И пошла прочь к двери, которая сейчас же за ней закрылась; в прощелину было видно, как сомкнулись за ней кивера, блестящие в утреннем солнце.

Пётр кинулся к Орлову. От напряжения губы Орлова разжались, язык выпал наружу, как у висельника. Пётр долго, со старательной внимательностью, будто ввинчивал свой глаз, как бурав, смотрел в его лицо, и Орлов вспомнил, что с таким же вот безразлично-равнодушным напряжением разглядывал царь трупы в анатомическом театре в Берлине, и когда кто-то из придворных с отвращением отвернулся — царь приказал отвернувшемуся перегрызть зубами горло мертвеца. Не сказав Орлову ни слова, Пётр отошёл к столу, схватился напихивать в карманы бумаги, приборы, зубные щипцы и, запустив руку поглубже в карман, вытащил какую-то бумажку, развернул её, усмехнулся одними усами:

— Ишь ты! Донос-то твой завалился за подкладку…
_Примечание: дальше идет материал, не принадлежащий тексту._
lemma AR_sink_if_is_final:
  assumes c: "coxeter_elem n c" and k: "k \<in> {1..n}" and fin: "is_final n k c"
    and u: "u \<in> AR_sub_vertices n k"
  shows "(arrow_in (AR_sub_vertices n k) (AR_arrow c))\<^sup>*\<^sup>* u (k, Suc k)"
proof -
  \<comment> \<open>follow the c-orbit of l down to k, then that of r down to k+1\<close>
  let ?R = "arrow_in (AR_sub_vertices n k) (AR_arrow c)"
  obtain l r where lr: "u = (l, r)" "1 \<le> l" "l \<le> k" "k < r" "r \<le> Suc n"
    using u by (cases u) (auto simp: AR_sub_vertices_def)
  note closed = coxeter_elem_closed[OF c]
  note below = is_final_coxeter_elem_bounds(1)[OF c k fin]
  note above = is_final_coxeter_elem_bounds(2)[OF c k fin]
  obtain d where d: "(c ^^ d) l = k" using coxeter_elem_orbit[OF c, of l k] lr k by auto
  have "?R\<^sup>*\<^sup>* (l, r) (k, r)"
  proof (rule rtranclp_along_orbit[where g = "\<lambda>z. (z, r)" and P = "\<lambda>z. z \<in> {1..k}", OF d])
    fix z assume "z \<in> {1..k}" "z \<noteq> k"
    then have "c z \<in> {1..k}" using below closed[of z] k by auto
    then show "c z \<in> {1..k} \<and> ?R (z, r) (c z, r)"
      using \<open>z \<in> {1..k}\<close> lr by (auto simp: arrow_in_def AR_arrow_def AR_sub_vertices_def)
  qed (use lr in auto)
  moreover obtain e where e: "(c ^^ e) r = Suc k" using coxeter_elem_orbit[OF c, of r "Suc k"] lr k by auto
  have "?R\<^sup>*\<^sup>* (k, r) (k, Suc k)"
  proof (rule rtranclp_along_orbit[where g = "\<lambda>z. (k, z)" and P = "\<lambda>z. z \<in> {Suc k..Suc n}", OF e])
    fix z assume "z \<in> {Suc k..Suc n}" "z \<noteq> Suc k"
    then have "Suc k < z" by simp
    then have "c z \<in> {Suc k..Suc n}" using above closed[of z] \<open>z \<in> {Suc k..Suc n}\<close> k by auto
    then show "c z \<in> {Suc k..Suc n} \<and> ?R (k, z) (k, c z)"
      using \<open>z \<in> {Suc k..Suc n}\<close> k by (auto simp: arrow_in_def AR_arrow_def AR_sub_vertices_def)
  qed (use lr in auto)
  ultimately show ?thesis using lr(1) by simp
qed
Забрав всё необходимое, царь окрикнул дежурного офицера, спросил у него, готова ли двуколка, чтобы ехать в адмиралтейство, — распорядился утренний доклад отменить, а дожидавшемуся Голицыну сопровождать его на верфи, и, уже выходя из комнаты, сказал:

— Посадишь его в крепость пока… Да не забудь, ваше благородие, наказать новому денщику, чтобы на ночь отнёс государыне сюртук починить к утру…

3

Гамильтон четвёртый месяц томилась в тюрьме. Угловой бастион Петропавловской крепости, в который заключили провинившуюся девку с верьху, был уже готов. Окна его выходили на Неву, самый каземат был как бы вырублен в толстой, до того массивной стене, что казалась она выдолбленной в горе.
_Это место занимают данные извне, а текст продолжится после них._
lemma bij_betw_permutes_first_pair:
  assumes j: "1 \<le> j" "j \<le> n + 1"
  shows "bij_betw (\<lambda>\<rho>. first_pair_perm j \<circ> shift_perm n \<rho>) {\<rho>. \<rho> permutes {..<n}}
           {\<sigma>. \<sigma> permutes {..<n+2} \<and> \<sigma> 0 = 0 \<and> \<sigma> 1 = j}"
proof (rule bij_betw_byWitness[where f'="minor_perm n j"])
  have "first_pair_perm j permutes {..<n+2}"
    using first_pair_perm_permutes[of j "n+2"] j by simp
  then have "first_pair_perm j \<circ> shift_perm n \<rho> permutes {..<n+2}" if "\<rho> permutes {..<n}" for \<rho>
    using permutes_compose[OF shift_perm_permutes(1)[OF that]] by blast
  moreover have "(first_pair_perm j \<circ> shift_perm n \<rho>) 0 = 0" "(first_pair_perm j \<circ> shift_perm n \<rho>) 1 = j" for \<rho>
    by (simp_all add: shift_perm_def first_pair_perm_def)
  ultimately show "(\<lambda>\<rho>. first_pair_perm j \<circ> shift_perm n \<rho>) ` {\<rho>. \<rho> permutes {..<n}}
      \<subseteq> {\<sigma>. \<sigma> permutes {..<n+2} \<and> \<sigma> 0 = 0 \<and> \<sigma> 1 = j}"
    by (intro image_subsetI CollectI conjI) simp_all
  show "\<forall>\<rho>\<in>{\<rho>. \<rho> permutes {..<n}}. minor_perm n j (first_pair_perm j \<circ> shift_perm n \<rho>) = \<rho>"
    using minor_perm_first_pair_perm[OF j(1)] by blast
  show "\<forall>\<sigma>\<in>{\<sigma>. \<sigma> permutes {..<n+2} \<and> \<sigma> 0 = 0 \<and> \<sigma> 1 = j}.
      first_pair_perm j \<circ> shift_perm n (minor_perm n j \<sigma>) = \<sigma>"
    using first_pair_perm_minor_perm[OF j] by blast
  show "minor_perm n j ` {\<sigma>. \<sigma> permutes {..<n+2} \<and> \<sigma> 0 = 0 \<and> \<sigma> 1 = j} \<subseteq> {\<rho>. \<rho> permutes {..<n}}"
    using minor_perm_permutes[OF j] by blast
qed

lemma pairing_term_first_pair:
  assumes j: "1 \<le> j" "j \<le> 2*m+1" and p: "\<rho> permutes {..<2*m}"
  shows "pairing_term (Suc m) A (first_pair_perm j \<circ> shift_perm (2*m) \<rho>)
       = (-1)^(j-1) * A 0 j * pairing_term m (\<lambda>a b. A (minor_index j a) (minor_index j b)) \<rho>"
proof -
  let ?\<sigma> = "first_pair_perm j \<circ> shift_perm (2*m) \<rho>"
  have "first_pair_perm j permutes {..<2*m+2}" "sign (first_pair_perm j) = (-1)^(j-1)"
    using first_pair_perm_permutes[of j "2*m+2"] j by auto
  then have sign: "sign ?\<sigma> = (-1)^(j-1) * sign \<rho>"
    using shift_perm_permutes[OF p] permutes_imp_permutation[OF finite_lessThan]
    by (subst sign_compose) auto
  have first_pair: "?\<sigma> 0 = 0" "?\<sigma> 1 = j"
    by (simp_all add: shift_perm_def first_pair_perm_def)
  have other_pairs: "(\<Prod>i<m. A (?\<sigma> (2 * Suc i)) (?\<sigma> (2 * Suc i + 1)))
      = (\<Prod>i<m. A (minor_index j (\<rho> (2*i))) (minor_index j (\<rho> (2*i+1))))"
  proof (rule prod.cong[OF refl])
    fix i assume "i \<in> {..<m}"
    then have "\<rho> (2*i) < 2*m" "\<rho> (2*i+1) < 2*m" "2*i < 2*m" "2*i+1 < 2*m"
      using permutes_in_image[OF p] by auto
    then show "A (?\<sigma> (2 * Suc i)) (?\<sigma> (2 * Suc i + 1))
        = A (minor_index j (\<rho> (2*i))) (minor_index j (\<rho> (2*i+1)))"
      by (simp add: shift_perm_def first_pair_perm_add_2[symmetric] add.commute)
  qed
  have "pairing_term (Suc m) A ?\<sigma>
      = of_int (sign ?\<sigma>) * (A (?\<sigma> 0) (?\<sigma> 1) * (\<Prod>i<m. A (?\<sigma> (2 * Suc i)) (?\<sigma> (2 * Suc i + 1))))"
    unfolding pairing_term_def by (subst prod.lessThan_Suc_shift) simp
  then show ?thesis
    unfolding sign first_pair other_pairs pairing_term_def by simp
qed

lemma sum_pairing_terms_first_pair:
  assumes j: "1 \<le> j" "j \<le> 2*m+1"
  shows "(\<Sum>\<sigma> | \<sigma> permutes {..<2*m+2}. if \<sigma> 0 = 0 \<and> \<sigma> 1 = j then pairing_term (Suc m) A \<sigma> else 0)
     = (-1)^(j-1) * A 0 j * pfaffian_sum (2*m) (\<lambda>a b. A (minor_index j a) (minor_index j b))"
proof -
  have "(\<Sum>\<sigma> | \<sigma> permutes {..<2*m+2}. if \<sigma> 0 = 0 \<and> \<sigma> 1 = j then pairing_term (Suc m) A \<sigma> else 0)
      = (\<Sum>\<sigma> \<in> {\<sigma>. \<sigma> permutes {..<2*m+2} \<and> \<sigma> 0 = 0 \<and> \<sigma> 1 = j}. pairing_term (Suc m) A \<sigma>)"
    by (subst sum.inter_filter[symmetric]) (auto simp: finite_permutations)
  also have "\<dots> = (\<Sum>\<rho> | \<rho> permutes {..<2*m}. pairing_term (Suc m) A (first_pair_perm j \<circ> shift_perm (2*m) \<rho>))"
    using sum.reindex_bij_betw[OF bij_betw_permutes_first_pair[of j "2*m"], of "pairing_term (Suc m) A"] j
    by simp
  also have "\<dots> = (-1)^(j-1) * A 0 j * pfaffian_sum (2*m) (\<lambda>a b. A (minor_index j a) (minor_index j b))"
    unfolding pfaffian_sum_def sum_distrib_left using j
    by (intro sum.cong) (simp_all add: pairing_term_first_pair)
  finally show ?thesis .
qed

lemma pfaffian_sum_expand_first_row:
  assumes skew: "\<And>i j. A i j = - A j i"
  shows "pfaffian_sum (2*m+2) A = 2 * (real m + 1) *
    (\<Sum>j\<in>{1..2*m+1}. (-1)^(j-1) * A 0 j * pfaffian_sum (2*m) (\<lambda>a b. A (minor_index j a) (minor_index j b)))"
proof -
  let ?T = "pairing_term (Suc m) A"
  have "pfaffian_sum (2*m+2) A
      = (\<Sum>k<Suc m. \<Sum>\<sigma> | \<sigma> permutes {..<2*m+2}. if \<sigma> (2*k) = 0 \<or> \<sigma> (2*k+1) = 0 then ?T \<sigma> else 0)"
  proof -
    have "(2*m+2) div 2 = Suc m" by simp
    then show ?thesis unfolding pfaffian_sum_def by (simp only: sum_permutations_by_pair_of_0[of ?T m])
  qed
  also have "\<dots> = (\<Sum>k<Suc m. \<Sum>\<sigma> | \<sigma> permutes {..<2*m+2}. if \<sigma> 0 = 0 \<or> \<sigma> 1 = 0 then ?T \<sigma> else 0)"
    by (rule sum.cong[OF refl]) (rule sum_pairing_terms_pair_of_0, simp)
  also have "\<dots> = (real m + 1) * (\<Sum>\<sigma> | \<sigma> permutes {..<2*m+2}. if \<sigma> 0 = 0 \<or> \<sigma> 1 = 0 then ?T \<sigma> else 0)"
    by simp
  also have "\<dots> = (real m + 1) * (2 * (\<Sum>j\<in>{1..2*m+1}.
      \<Sum>\<sigma> | \<sigma> permutes {..<2*m+2}. if \<sigma> 0 = 0 \<and> \<sigma> 1 = j then ?T \<sigma> else 0))"
    by (simp only: sum_pairing_terms_0_in_first_pair[OF skew] sum_permutations_by_image_of_1[of ?T])
  also have "\<dots> = (real m + 1) * (2 * (\<Sum>j\<in>{1..2*m+1}.
      (-1)^(j-1) * A 0 j * pfaffian_sum (2*m) (\<lambda>a b. A (minor_index j a) (minor_index j b))))"
    by (subst sum.cong[OF refl sum_pairing_terms_first_pair]) auto
  finally show ?thesis by (simp only: mult_ac)
qed

lemma pfaffian_expand_first_row:
  assumes skew: "\<And>i j. A i j = - A j i"
  shows "pfaffian (n+2) A =
    (\<Sum>j\<in>{1..n+1}. (-1)^(j-1) * A 0 j * pfaffian n (\<lambda>a b. A (minor_index j a) (minor_index j b)))"
proof (cases "odd n")
  case True
  then show ?thesis by (simp add: pfaffian_def)
next
  case False
  then obtain m where n: "n = 2*m" by (metis evenE)
  have denominator: "(2::real)^(m+1) * fact (m+1) = (2 * (real m + 1)) * (2^m * fact m)"
    by (simp add: fact_Suc algebra_simps)
  have norm: "2 * (real m + 1) / (2^(m+1) * fact (m+1)) = 1 / (2^m * fact m)"
    unfolding denominator by simp
  have lhs: "pfaffian (n+2) A = pfaffian_sum (2*m+2) A / (2^(m+1) * fact (m+1))"
    using pfaffian_eq_pfaffian_sum[of "2*m+2" A] n by simp
  have minors: "pfaffian (2*m) B = pfaffian_sum (2*m) B / (2^m * fact m)" for B
    using pfaffian_eq_pfaffian_sum[of "2*m" B] by simp
  have "pfaffian (n+2) A = (\<Sum>j\<in>{1..2*m+1}. (-1)^(j-1) * A 0 j
      * pfaffian_sum (2*m) (\<lambda>a b. A (minor_index j a) (minor_index j b)))
      * (2 * (real m + 1) / (2^(m+1) * fact (m+1)))"
    unfolding lhs pfaffian_sum_expand_first_row[OF skew] by simp
  then have "pfaffian (n+2) A = (\<Sum>j\<in>{1..2*m+1}. (-1)^(j-1) * A 0 j
      * pfaffian_sum (2*m) (\<lambda>a b. A (minor_index j a) (minor_index j b)) / (2^m * fact m))"
    unfolding norm sum_divide_distrib[symmetric] by simp
  then show ?thesis unfolding n minors by simp
qed

section \<open>Momenta\<close>

lemma ns_momenta_uminus: "p \<in> ns_momenta L \<Longrightarrow> - p \<in> ns_momenta L"
proof -
  assume "p \<in> ns_momenta L"
  then obtain n :: int where n: "p = 2 * pi * (real_of_int n + 1/2) / real L"
    unfolding ns_momenta_def by auto
  have "real_of_int (- n - 1) + 1/2 = - (real_of_int n + 1/2)" by simp
  then have "- p = 2 * pi * (real_of_int (- n - 1) + 1/2) / real L"
    unfolding n by (simp only: minus_divide_left mult_minus_right)
  then show ?thesis unfolding ns_momenta_def by blast
qed

lemma ns_momenta_nonzero: "0 < L \<Longrightarrow> p \<in> ns_momenta L \<Longrightarrow> p \<noteq> 0"
proof -
  assume L: "0 < L" and "p \<in> ns_momenta L"
  then obtain n :: int where n: "p = 2 * pi * (real_of_int n + 1/2) / real L"
    unfolding ns_momenta_def by auto
  have "2*n + 1 \<noteq> 0" by presburger
  then have "real_of_int (2*n + 1) \<noteq> 0" unfolding of_int_eq_0_iff .
  then have "real_of_int n + 1/2 \<noteq> 0" by simp
  then show ?thesis unfolding n using L by simp
qed

lemma all_momenta_cases:
  assumes "0 < L" "p \<in> all_momenta L"
  obtains "0 < p" "p \<in> pos_momenta L" | "p < 0" "- p \<in> pos_momenta L"
proof -
  have "p \<noteq> 0" using ns_momenta_nonzero assms unfolding all_momenta_def by auto
  then show ?thesis
    using that assms ns_momenta_uminus[of p L] unfolding all_momenta_def pos_momenta_def by fastforce
qed

lemma pos_momenta_subset_all_momenta:
  "p \<in> pos_momenta L \<Longrightarrow> p \<in> all_momenta L" "p \<in> pos_momenta L \<Longrightarrow> - p \<in> all_momenta L"
  using ns_momenta_uminus[of p L] unfolding all_momenta_def pos_momenta_def by auto

lemma all_momenta_eq:
  assumes "0 < L" shows "all_momenta L = pos_momenta L \<union> uminus ` pos_momenta L"
proof
  show "all_momenta L \<subseteq> pos_momenta L \<union> uminus ` pos_momenta L"
  proof
    fix p assume "p \<in> all_momenta L"
    show "p \<in> pos_momenta L \<union> uminus ` pos_momenta L"
      by (rule all_momenta_cases[OF assms \<open>p \<in> all_momenta L\<close>]) (auto intro: image_eqI[of p uminus "- p"])
  qed
  show "pos_momenta L \<union> uminus ` pos_momenta L \<subseteq> all_momenta L"
    using pos_momenta_subset_all_momenta by auto
qed

lemma finite_all_momenta: "0 < L \<Longrightarrow> finite (all_momenta L)"
proof -
  assume L: "0 < L"
  have "all_momenta L \<subseteq> (\<lambda>n::int. 2 * pi * (real_of_int n + 1/2) / real L) ` {-int L..int L}"
  proof
    fix p assume "p \<in> all_momenta L"
    then obtain n :: int where n: "p = 2 * pi * (real_of_int n + 1/2) / real L" and "- pi < p" "p < pi"
      unfolding all_momenta_def ns_momenta_def by auto
    then have "pi * (- real L) < pi * (2 * (real_of_int n + 1/2))" "pi * (2 * (real_of_int n + 1/2)) < pi * real L"
      using L by (simp_all add: less_divide_eq divide_less_eq algebra_simps)
    then have "- real L < 2 * (real_of_int n + 1/2)" "2 * (real_of_int n + 1/2) < real L"
      using pi_gt_zero by (simp_all only: mult_less_cancel_left_pos)
    then have "- real L < 2 * real_of_int n + 1" "2 * real_of_int n + 1 < real L"
      by (simp_all add: algebra_simps)
    moreover have "1 \<le> real L" using L by simp
    ultimately have "- real L \<le> real_of_int n" "real_of_int n \<le> real L"
      by linarith+
    then have "real_of_int (- int L) \<le> real_of_int n" "real_of_int n \<le> real_of_int (int L)"
      by (simp_all only: of_int_minus of_int_of_nat_eq)
    then have "- int L \<le> n" "n \<le> int L" by (simp_all only: of_int_le_iff)
    then show "p \<in> (\<lambda>n::int. 2 * pi * (real_of_int n + 1/2) / real L) ` {-int L..int L}"
      using n by auto
  qed
  then show ?thesis by (rule finite_subset) simp
qed

lemma finite_pos_momenta: "0 < L \<Longrightarrow> finite (pos_momenta L)"
  using finite_all_momenta by (rule finite_subset[rotated]) (use pos_momenta_subset_all_momenta in auto)

section \<open>Lists and products in a non-commutative algebra\<close>

definition remove_nth :: "nat \<Rightarrow> 'b list \<Rightarrow> 'b list" where
  "remove_nth j xs = take j xs @ drop (Suc j) xs"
В окно видны были земляные валы с горками ядер, цейхгаузы, полосатая гарнизонная будка, деревянная церковь Петра и Павла. Под шпицем церкви висели колокола, и приставленные к ним солдаты каждый час по голландскому обычаю разыгрывали небольшую прелюдию. Только эта русскими руками на морозе вызваниваемая прелюдия да разве ещё праздничный грохот трёхсот пушек с крепостных верок и достигали ушей прекрасной пленницы. Меж тем наряженный по приказанию Петра уголовный суд подбирал обвинительные материалы. Спасая свою жизнь, Орлов писал из каземата письмо за письмом. В этих письмах в беспамятстве страха он лгал и наговаривал на свою несчастную любовницу, словно любовь её оказалась таким же тягостным государственным преступлением, как «слово и дело государево», как сообщничество с Алексеем Петровичем, как легенда о пришедшем на землю антихристе. Од доносил о том, «чтоб спросили про Марью у Александра Подьячего, у Семёна Маврина, что и они с нею жили блудно, и, что он, Орлов, думал про ребят, что не было у ней от множества». В непревозмогаемом этом страхе за жизнь всё казалось ему преступлением: и любовь, и каждый шаг в прошлом, и даже собственная жизнь. И тем удивительнее, тем прекраснее была любовь, какую сквозь тюрьму и застенок, до плахи, с торжественностью подъятого знамени пронесла Мария Гамильтон.